N: the first thought is that the time spent in the barrel has not affected the spirit so much. Is this a blemish? Not a chance, because when oak allows the Springbank spirit to speak, it’s always a good thing. As it would be clear from the labelling, there’s plenty of cereal: malting floor scent, ears of barley under the sun and even some biscuits. Is it outrageous to mention a farmy side? No way. This countryside style is balanced by brine and green olives, that remind us the air we used to breath when we were in Campbeltown. Later, a powerful layer of peaty smoke, with all the minerality you might imagine (earth, wet wool).
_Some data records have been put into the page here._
lemma continuous_on_f: "continuous_on {x 0..x N} f"
proof -
  define c where "c = Max ((\<lambda>i. \<bar>\<alpha> i\<bar>) ` {1..N})"
  have "c \<in> (\<lambda>i. \<bar>\<alpha> i\<bar>) ` {1..N}" unfolding c_def using two_le_N by (intro Max_in) auto
  then have "0 \<le> c" "c < 1" using alpha by auto
  have c_ge: "\<bar>\<alpha> i\<bar> \<le> c" if "i \<in> {1..N}" for i unfolding c_def using that by simp
  define g0 where "g0 t = y0 + (yN - y0) * (t - x 0) / (x N - x 0)" for t
  have g0: "continuous_on {x 0..x N} g0" "g0 (x 0) = y0" "g0 (x N) = yN"
    unfolding g0_def using first_less_last by (auto intro!: continuous_intros)
  obtain B where B: "\<forall>t\<in>{x 0..x N}. \<bar>f t\<bar> \<le> B" using f_bounded by (auto simp: bounded_iff)
  have "bounded (g0 ` {x 0..x N})"
    using g0(1) by (intro compact_imp_bounded compact_continuous_image) auto
  then obtain B' where B': "\<forall>t\<in>{x 0..x N}. \<bar>g0 t\<bar> \<le> B'" by (auto simp: bounded_iff)
  have M: "\<forall>t\<in>{x 0..x N}. \<bar>f t - g0 t\<bar> \<le> B + B'" using B B' by force
  show ?thesis
  proof (rule continuous_on_of_pointwise_contraction[OF \<open>0 \<le> c\<close> \<open>c < 1\<close> _ _ _ _ M, where T = T and
        P = "\<lambda>g. continuous_on {x 0..x N} g \<and> g (x 0) = y0 \<and> g (x N) = yN"])
    show "continuous_on {x 0..x N} g0 \<and> g0 (x 0) = y0 \<and> g0 (x N) = yN" using g0 by blast
    fix g M
    assume g: "continuous_on {x 0..x N} g \<and> g (x 0) = y0 \<and> g (x N) = yN"
    then show "continuous_on {x 0..x N} g" by blast
    show "continuous_on {x 0..x N} (T g) \<and> T g (x 0) = y0 \<and> T g (x N) = yN"
      using g continuous_on_rb_operator rb_operator_endpoints by blast
    show "\<forall>t\<in>{x 0..x N}. \<bar>f t - g t\<bar> \<le> M \<Longrightarrow> \<forall>t\<in>{x 0..x N}. \<bar>f t - T g t\<bar> \<le> c * M"
      by (rule rb_operator_contraction[OF c_ge])
  qed
qed

lemma integral_piece:
  assumes i: "i \<in> {1..N}"
  shows "integral {x (i - 1)..x i} f
           = fif_a x N i * (\<alpha> i * integral {x 0..x N} f + integral {x 0..x N} (q i))"
proof -
  define a where "a = fif_a x N i"
  define b where "b = fif_b x N i"
  define J where "J = integral {x (i - 1)..x i} f"
  have "a > 0" unfolding a_def using fif_a_pos[OF i] .
  have "(f has_integral J) (cbox (x (i - 1)) (x i))"
    unfolding J_def cbox_interval using continuous_on_subset[OF continuous_on_f piece_subset[OF i]]
    by (intro integrable_integral integrable_continuous_real)
  from has_integral_affinity'[OF this \<open>a > 0\<close>, of b]
  have "((\<lambda>u. f (a * u + b)) has_integral J / a) {(x (i - 1) - b) / a..(x i - b) / a}"
    by (simp add: cbox_interval divide_inverse_commute)
  moreover have "(x (i - 1) - b) / a = x 0" "(x i - b) / a = x N"
    using fif_Linv_left[OF i] fif_Linv_right[OF i] unfolding fif_Linv_def a_def b_def by auto
  ultimately have affine: "((\<lambda>u. f (a * u + b)) has_integral J / a) {x 0..x N}" by simp
  have "f (a * u + b) = \<alpha> i * f u + q i u" if "u \<in> {x 0..x N} - {x N}" for u
  proof -
    have "u \<in> {x 0..<x N}" using that by simp
    from f_eq[OF i fif_L_mem_fif_I[OF i this]] show ?thesis
      unfolding fif_Linv_L[OF i] a_def b_def .
  qed
  then have "((\<lambda>u. \<alpha> i * f u + q i u) has_integral J / a) {x 0..x N}"
    by (intro has_integral_spike[OF negligible_sing[of "x N"] _ affine]) simp
  moreover have "((\<lambda>u. \<alpha> i * f u + q i u) has_integral
        \<alpha> i * integral {x 0..x N} f + integral {x 0..x N} (q i)) {x 0..x N}"
    by (intro has_integral_add has_integral_mult_right integrable_integral
        integrable_continuous_real continuous_on_f q_cont[OF i])
  ultimately have "J / a = \<alpha> i * integral {x 0..x N} f + integral {x 0..x N} (q i)"
    by (rule has_integral_unique)
  then show ?thesis unfolding J_def a_def[symmetric] using \<open>a > 0\<close> by (simp add: field_simps)
qed

lemma integrable_on_piece: "i \<in> {1..N} \<Longrightarrow> f integrable_on {x (i - 1)..x i}"
  using continuous_on_subset[OF continuous_on_f piece_subset]
  by (intro integrable_continuous_real) auto

lemma integral_eq_sum_pieces: "integral {x 0..x N} f = (\<Sum>i=1..N. integral {x (i - 1)..x i} f)"
  using has_integral_consecutive_intervals[OF mono_on_nodes, of f "\<lambda>i. integral {x (i - 1)..x i} f"]
    integrable_on_piece
  by (auto intro: integral_unique)

lemma sum_fif_a_alpha_less_1: "(\<Sum>i=1..N. fif_a x N i * \<alpha> i) < 1"
proof -
  have "(\<Sum>i=1..N. fif_a x N i * \<alpha> i) < (\<Sum>i=1..N. fif_a x N i)"
  proof (rule sum_strict_mono)
    fix i
    assume i: "i \<in> {1..N}"
    then have "\<alpha> i < 1" using alpha by fastforce
    then show "fif_a x N i * \<alpha> i < fif_a x N i" using fif_a_pos[OF i] by simp
  qed (use two_le_N in auto)
  then show ?thesis using sum_fif_a by linarith
qed
(* (Completeness.) If $t\in SN_{d\beta}$, then $t$ is typable in $\cap J$, i.e. there exist an environment $\Gamma$ and a type $\sigma$ such that $\Gamma\vdash t:\sigma$ is derivable.
   Context: Terms $\mathtt T_J$: $t,u,r ::= x \mid \lambda x.t \mid t(u,y.r)$ ($y$ bound in $r$), up to $\alpha$-equivalence; $\{u/x\}t$ capture-avoiding substitution. List contexts $\mathtt D ::= \Diamond \mid t(u,y.\mathtt D)$. Distant beta: $\mathtt D\langle\lambda x.t\rangle(u,y.r) \mapsto_{d\beta} \{\{u/x\}\mathtt D\langle t\rangle/y\}r$ (variables bound by $\mathtt D$ not free in $u$, $x$ not in $\mathtt D$), $\to_{d\beta}$ its closure under all contexts; $SN_{d\beta}$ the set of terms with no infinite $\to_{d\beta}$-sequence. System $\cap J$: types $\sigma,\tau ::= \alpha \mid \mathcal M\to\sigma$, $\mathcal M=[\sigma_i]_{i\in I}$ a finite possibly empty multiset; $\sqcup$ multiset union; environments map variables to multisets, $\wedge$ pointwise union, $\Gamma;x:\mathcal M$ extension with $x\notin\mathrm{dom}\,\Gamma$. $\mathrm{ch}(\mathcal M)=\mathcal M$ if $\mathcal M\ne[\,]$, $\mathrm{ch}([\,])=[\tau]$ for an arbitrary $\tau$. Rules: (var) $x:[\sigma]\vdash x:\sigma$; (abs) from $\Gamma;x:\mathcal M\vdash t:\sigma$ infer $\Gamma\vdash\lambda x.t:\mathcal M\to\sigma$; (many) from $(\Gamma_i\vdash t:\sigma_i)_{i\in I}$, $I\ne\emptyset$, infer $\wedge_i\Gamma_i\vdash t:[\sigma_i]_{i\in I}$; (app) from $\Gamma\vdash t:\mathrm{ch}([\mathcal M_i\to\tau_i]_{i\in I})$, $\Delta\vdash u:\mathrm{ch}(\sqcup_i\mathcal M_i)$, $\Lambda;y:[\tau_i]_{i\in I}\vdash r:\sigma$ infer $\Gamma\wedge\Delta\wedge\Lambda\vdash t(u,y.r):\sigma$. *)

theory Defs
  imports Main "HOL-Library.Multiset"
begin

text \<open>Var i is a de Bruijn index; Lam t binds index 0 in t;
  App t u r represents t(u,y.r), where y is bound (index 0) in r.\<close>

datatype trm = Var nat | Lam trm | App trm trm trm

fun shift :: "nat \<Rightarrow> nat \<Rightarrow> trm \<Rightarrow> trm" where
  "shift n k (Var i) = (if i < k then Var i else Var (i + n))"
| "shift n k (Lam t) = Lam (shift n (Suc k) t)"
| "shift n k (App t u r) = App (shift n k t) (shift n k u) (shift n (Suc k) r)"

text \<open>subst t k s: capture-avoiding substitution of s for index k in t
  (indices above k are decremented, since the binder of k disappears).\<close>
fun subst :: "trm \<Rightarrow> nat \<Rightarrow> trm \<Rightarrow> trm" where
  "subst (Var i) k s = (if i < k then Var i else if i = k then s else Var (i - 1))"
| "subst (Lam t) k s = Lam (subst t (Suc k) (shift 1 0 s))"
| "subst (App t u r) k s = App (subst t k s) (subst u k s) (subst r (Suc k) (shift 1 0 s))"

datatype lctx = Hole | LApp trm trm lctx

fun plug :: "lctx \<Rightarrow> trm \<Rightarrow> trm" where
  "plug Hole s = s"
| "plug (LApp t u D) s = App t u (plug D s)"

fun depth :: "lctx \<Rightarrow> nat" where
  "depth Hole = 0"
| "depth (LApp t u D) = Suc (depth D)"

text \<open>D<\<lambda>x.t>(u,y.r) \<mapsto> {{u/x}D<t>/y}r.  In de Bruijn form, u must be shifted
  under the depth D binders of D before being substituted for x.\<close>
inductive dbeta :: "trm \<Rightarrow> trm \<Rightarrow> bool" where
  root: "dbeta (App (plug D (Lam t)) u r)
               (subst r 0 (plug D (subst t 0 (shift (depth D) 0 u))))"
| lam: "dbeta t t' \<Longrightarrow> dbeta (Lam t) (Lam t')"
| app1: "dbeta t t' \<Longrightarrow> dbeta (App t u r) (App t' u r)"
| app2: "dbeta u u' \<Longrightarrow> dbeta (App t u r) (App t u' r)"
| app3: "dbeta r r' \<Longrightarrow> dbeta (App t u r) (App t u r')"

definition SN_dbeta :: "trm \<Rightarrow> bool" where
  "SN_dbeta t \<longleftrightarrow> \<not> (\<exists>f. f 0 = t \<and> (\<forall>i. dbeta (f i) (f (Suc i))))"

datatype ty = TAtom nat | Arr "ty multiset" ty

type_synonym env = "nat \<Rightarrow> ty multiset"

text \<open>Gamma; x:M for the bound index 0 (the de Bruijn extension; x is fresh by construction).\<close>
definition econs :: "ty multiset \<Rightarrow> env \<Rightarrow> env" where
  "econs M \<Gamma> = (\<lambda>n. case n of 0 \<Rightarrow> M | Suc k \<Rightarrow> \<Gamma> k)"

definition ch_rel :: "ty multiset \<Rightarrow> ty multiset \<Rightarrow> bool" where
  "ch_rel M N \<longleftrightarrow> (M \<noteq> {#} \<and> N = M) \<or> (M = {#} \<and> (\<exists>\<tau>. N = {#\<tau>#}))"

inductive has_type :: "env \<Rightarrow> trm \<Rightarrow> ty \<Rightarrow> bool"
  and has_mtype :: "env \<Rightarrow> trm \<Rightarrow> ty multiset \<Rightarrow> bool" where
  var: "has_type ((\<lambda>_. {#})(x := {#\<sigma>#})) (Var x) \<sigma>"
| abs: "has_type (econs M \<Gamma>) t \<sigma> \<Longrightarrow> has_type \<Gamma> (Lam t) (Arr M \<sigma>)"
| many: "\<lbrakk> finite (I :: nat set); I \<noteq> {}; \<forall>i\<in>I. has_type (\<Gamma>s i) t (\<sigma>s i) \<rbrakk>
         \<Longrightarrow> has_mtype (\<lambda>x. \<Sum>i\<in>I. \<Gamma>s i x) t (\<Sum>i\<in>I. {#\<sigma>s i#})"
| app: "\<lbrakk> finite (I :: nat set);
          ch_rel (\<Sum>i\<in>I. {#Arr (Ms i) (\<tau>s i)#}) A; has_mtype \<Gamma> t A;
          ch_rel (\<Sum>i\<in>I. Ms i) B; has_mtype \<Delta> u B;
          has_type (econs (\<Sum>i\<in>I. {#\<tau>s i#}) \<Lambda>) r \<sigma> \<rbrakk>
        \<Longrightarrow> has_type (\<lambda>x. \<Gamma> x + \<Delta> x + \<Lambda> x) (App t u r) \<sigma>"

end

(*
  Strongly normalising terms are typable, by well-founded induction along "reduct or strict
  subterm" (well-founded on SN terms because reduction steps lift through subterms). The
  invariant is: t is typable, and if t is neutral (no reduct of t has the form D\<langle>\<lambda>x.s\<rangle>) then
  t is typable at every type.

  For t(u,y.r) with a neutral head, t is typed with [] \<rightarrow> \<tau> for each type \<tau> that r needs for
  y, so u only has to be typable at some type. Otherwise t(u,y.r) has a "safe" step: one that
  contracts a redex whose abstraction and argument are typable, or that lies in r below a
  neutral (hence flexible) head; typability is pulled back along safe steps. This subject
  expansion rests on anti-substitution: a typing of {v/x}r splits into a typing of r with
  x : M plus a multi-typing of v at M, where M may be empty.
*)
theory Submission
  imports Defs "HOL-Library.Function_Algebras"
begin

lemma sum_fun_apply: "(\<Sum>i\<in>I. f i) x = (\<Sum>i\<in>I. f i x)"
  by (induction I rule: infinite_finite_induct) auto

lemma sum_singletons_eq_image_mset: "(\<Sum>i\<in>I. {#f i#}) = image_mset f (mset_set I)"
  by (simp add: sum_unfold_sum_mset)

lemma mset_indexedE: obtains I :: "nat set" and p where "finite I" "A = image_mset p (mset_set I)"
proof -
  obtain xs where "mset xs = A" using ex_mset by blast
  then have "A = image_mset (nth xs) (mset_set {0..<length xs})"
    by (metis map_nth mset_map mset_upt)
  then show thesis using that by blast
qed

section \<open>Multi-typings\<close>

inductive mtyped :: "env \<Rightarrow> trm \<Rightarrow> ty multiset \<Rightarrow> bool" where
  mtyped_empty: "mtyped 0 t {#}"
| mtyped_single: "has_type \<Gamma> t \<sigma> \<Longrightarrow> mtyped \<Gamma> t {#\<sigma>#}"
| mtyped_add: "mtyped \<Gamma>\<^sub>1 t A\<^sub>1 \<Longrightarrow> mtyped \<Gamma>\<^sub>2 t A\<^sub>2 \<Longrightarrow> mtyped (\<Gamma>\<^sub>1 + \<Gamma>\<^sub>2) t (A\<^sub>1 + A\<^sub>2)"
With time, it shows also a fruity dimension, never too pushy, with apricot, peach and orange.
P: take the rich and expressive nose and amplify it for two, three, four times… The sweetness on the palate is suddenly evident, more compact: peach suggestions, ripe yellow fruit and a hint of tropical. The orange literally explodes, with its almost-rotten zest which leads us to the “Springbank side of the moon”: starch, brine, rocks and a note at the edge of sulphur (that overripe orange…), with candle smoke and sea water. The peat increases towards the end…
F: …finishing in a real, proper smoke, blended with all the former suggestions. The sweetness here is a pure memory.
Excellent, intriguing, challenging (it was the most beloved at the MWF tasting, that’s proving simpler things are not always the most popular choice). A whisky-tribute to the cereal and to the unique style of a distillery that waves its stubborness as a flag: 91/100, mixing intensity and austerity, seduction and rebelliousness. Very well indeed.
Recommended soundtrack: Motorhead – Enter Sandman, Metallica cover.